And they were like, okay.
Right.
Because he has no credit.
He has no credit.
So they would just open up credit cards for him.
One person put him under the mortgage.
That's the brilliant part because these are their responsibilities, not him, because he's just asking them to do all this stuff for them.
But they are ultimately responsible when the bill comes.
You know?
I would just love to be a fly on the wall for this conversation.
So, I have no credit because reasons, right?
Oh, my business, something.
So, my credit's all.
So, I need a Mercedes, a Land Rover, and I forget what the other one was.
And you need to co-sign it, but don't worry, I'm going to be making the payments.
In the episode, she's like, What do I care?
As long as he's making the payments, what if he stops making the payments, numb nuts?
Which, surprise, that's what happened.
And again, I hate that I'm like victim shaming a little bit because these women really are victims, but at some point, you just got to be like, you're just face palming because you're going, How did you not see some red flags here?
Some of them had the red flag.
Like this guy was part of a business.
It was, remember laser discs back in the, what was that, early 90s or whatever?
Gigantic CDs, basically, that had movies on them.
He worked at this company.
Laser discs were big at the time, and he was a top executive on the company.
I think he was their chief financial officer, which is pretty ironic.
And the whole time he's embezzling funds from this company, he ultimately gets busted, goes to jail.
And some of these women that he were dating, they knew about this.
But even knowing that this guy embezzled money from a company, they would still trust him enough to give him money.
At some point, this is on you.
Like, maybe not all of it.
Nobody deserves to be ripped off, victimized, and conned.
But when you go, he embezzled from his job and got fired and put in prison, but he would never do that to me.

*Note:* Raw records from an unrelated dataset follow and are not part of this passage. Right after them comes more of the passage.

(* T is self-adjoint for the semi-inner product <u, v> = u . K v, which makes the moments
   <x, T^m x> satisfy the Cauchy-Schwarz squaring required by moment_le_growth_rate; their
   growth rate is at most the spectral radius of T, hence at most its norm. *)
lemma quadratic_form_psd_mult_le_spec_norm:
  fixes K T :: "real^'n^'n"
  assumes K: "psd K" and KT: "transpose (K ** T) = K ** T"
  shows "x \<bullet> ((K ** T) *v x) \<le> spec_norm T * (x \<bullet> (K *v x))"
proof -
  have symK: "transpose K = K" and q_nonneg: "0 \<le> x \<bullet> (K *v x)"
    using K by (auto simp: psd_def)
  define g where "g m = x \<bullet> (K *v ((*v) T ^^ m) x)" for m
  have adjoint: "u \<bullet> (K *v (T *v v)) = (T *v u) \<bullet> (K *v v)" for u v
    using symmetric_inner_commute[OF KT, of u v] symmetric_inner_commute[OF symK, of "T *v u" v]
    by (simp add: matrix_vector_mul_assoc)
  have adjoint_pow: "u \<bullet> (K *v ((*v) T ^^ m) v) = (((*v) T ^^ m) u) \<bullet> (K *v v)" for m u v
  proof (induction m arbitrary: v)
    case (Suc m)
    then show ?case by (simp add: adjoint funpow_swap1[of "(*v) T"])
  qed simp
  have sq: "(g m)\<^sup>2 \<le> g 0 * g (2 * m)" for m
  proof -
    have "(g m)\<^sup>2 \<le> g 0 * (((*v) T ^^ m) x \<bullet> (K *v ((*v) T ^^ m) x))"
      unfolding g_def by (simp add: psd_cauchy_schwarz[OF K])
    also have "\<dots> = g 0 * g (2 * m)"
      by (simp add: g_def adjoint_pow[symmetric] mult_2 funpow_add)
    finally show ?thesis .
  qed
  have growth: "g m \<le> (norm (K *v x) * norm x) * spec_norm T ^ m" for m
  proof -
    have "g m = (K *v x) \<bullet> ((*v) T ^^ m) x"
      by (simp add: g_def inner_matrix_vector_transpose symK)
    also have "\<dots> \<le> norm (K *v x) * (spec_norm T ^ m * norm x)"
      by (intro order.trans[OF norm_cauchy_schwarz] mult_left_mono norm_funpow_matrix_vector_le) simp
    finally show ?thesis by (simp add: ac_simps)
  qed
  have "g 1 \<le> spec_norm T * g 0"
    by (rule moment_le_growth_rate[OF sq growth spec_norm_nonneg]) (simp add: g_def q_nonneg)
  then show ?thesis by (simp add: g_def matrix_vector_mul_assoc)
qed

lemma loewner_le_spec_norm_pinv_mult:
  fixes K D :: "real^'n^'n"
  assumes K: "psd_kernel_ones K" and symD: "transpose D = D" and D1: "D *v 1 = 0"
  shows "loewner_le D (spec_norm (pinv K ** D) *\<^sub>R K)"
proof -
  have psdK: "psd K" using K by (simp add: psd_kernel_ones_def)
  have KTD: "K ** (pinv K ** D) = D"
    by (simp add: matrix_mul_assoc pinv_psd_kernel_ones(3)[OF K] matrix_diff_rdistrib
        ones_proj_mult_matrix[OF symD D1])
  show ?thesis
  proof (rule loewner_leI)
    show "transpose (spec_norm (pinv K ** D) *\<^sub>R K) = spec_norm (pinv K ** D) *\<^sub>R K"
      using psdK by (simp add: transpose_scalar psd_def)
    show "x \<bullet> (D *v x) \<le> x \<bullet> ((spec_norm (pinv K ** D) *\<^sub>R K) *v x)" for x
      using quadratic_form_psd_mult_le_spec_norm[OF psdK, of "pinv K ** D" x] symD
      by (simp add: KTD scaleR_matrix_vector_assoc[symmetric])
  qed (fact symD)
qed


section \<open>Graph Laplacians\<close>

lemma edge_mat_doubleton:
  "edge_mat {i, j} = outer (axis i 1 - axis j 1) (axis i 1 - axis j (1::real))"
  unfolding edge_mat_def
proof (rule the_equality)
  fix M
  assume "\<exists>i' j'. {i, j} = {i', j'} \<and> M = outer (axis i' 1 - axis j' 1) (axis i' 1 - axis j' 1)"
  then obtain i' j' where "{i, j} = {i', j'}"
    and M: "M = outer (axis i' 1 - axis j' 1) (axis i' 1 - axis j' 1)"
    by blast
  then have "i' = i \<and> j' = j \<or> i' = j \<and> j' = i" by (auto simp: doubleton_eq_iff)
  then show "M = outer (axis i 1 - axis j 1) (axis i 1 - axis j 1)"
    using M by (auto simp: outer_def vec_eq_iff algebra_simps)
qed blast

lemma outer_mult_vector: "outer u v *v y = (v \<bullet> y) *\<^sub>R (u::real^'n)"
  by (simp add: vec_eq_iff outer_def matrix_vector_mult_def inner_vec_def sum_distrib_left ac_simps)

lemma edge_mat_doubleton_mult_vector:
  "edge_mat {i, j} *v y = (y $ i - y $ j) *\<^sub>R (axis i 1 - axis j (1::real))"
  by (simp add: edge_mat_doubleton outer_mult_vector inner_diff_left inner_axis')

lemma inner_edge_mat_doubleton:
  "x \<bullet> (edge_mat {i, j} *v y) = (x $ i - x $ j) * (y $ i - y $ j)"
  by (simp add: edge_mat_doubleton_mult_vector inner_diff_right inner_axis)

This is the equivalent of putting a dog in your house with your wife and kids that has bitten every owner it's had and was about to be put down and you go, yeah, but she was so sweet to me at the shelter.
Just wait, dummy.
It's gonna happen.
So it shouldn't come as a surprise to anyone that he was doing this.
It's really, really shocking.
So this woman, Dana, was the first person to put the pieces together.
She notices inconsistencies in his story and she starts digging.
So this woman is quite sharp.
And by the way, if I ever tried to do this, this would happen on my second day, right?
I could never keep a bunch of BS stories together coherently.
So if I dated anybody like Dana, I would have zero chance of ever getting away with these scams.
So Dana's like, wait a minute.
I thought you said this and that and the other thing.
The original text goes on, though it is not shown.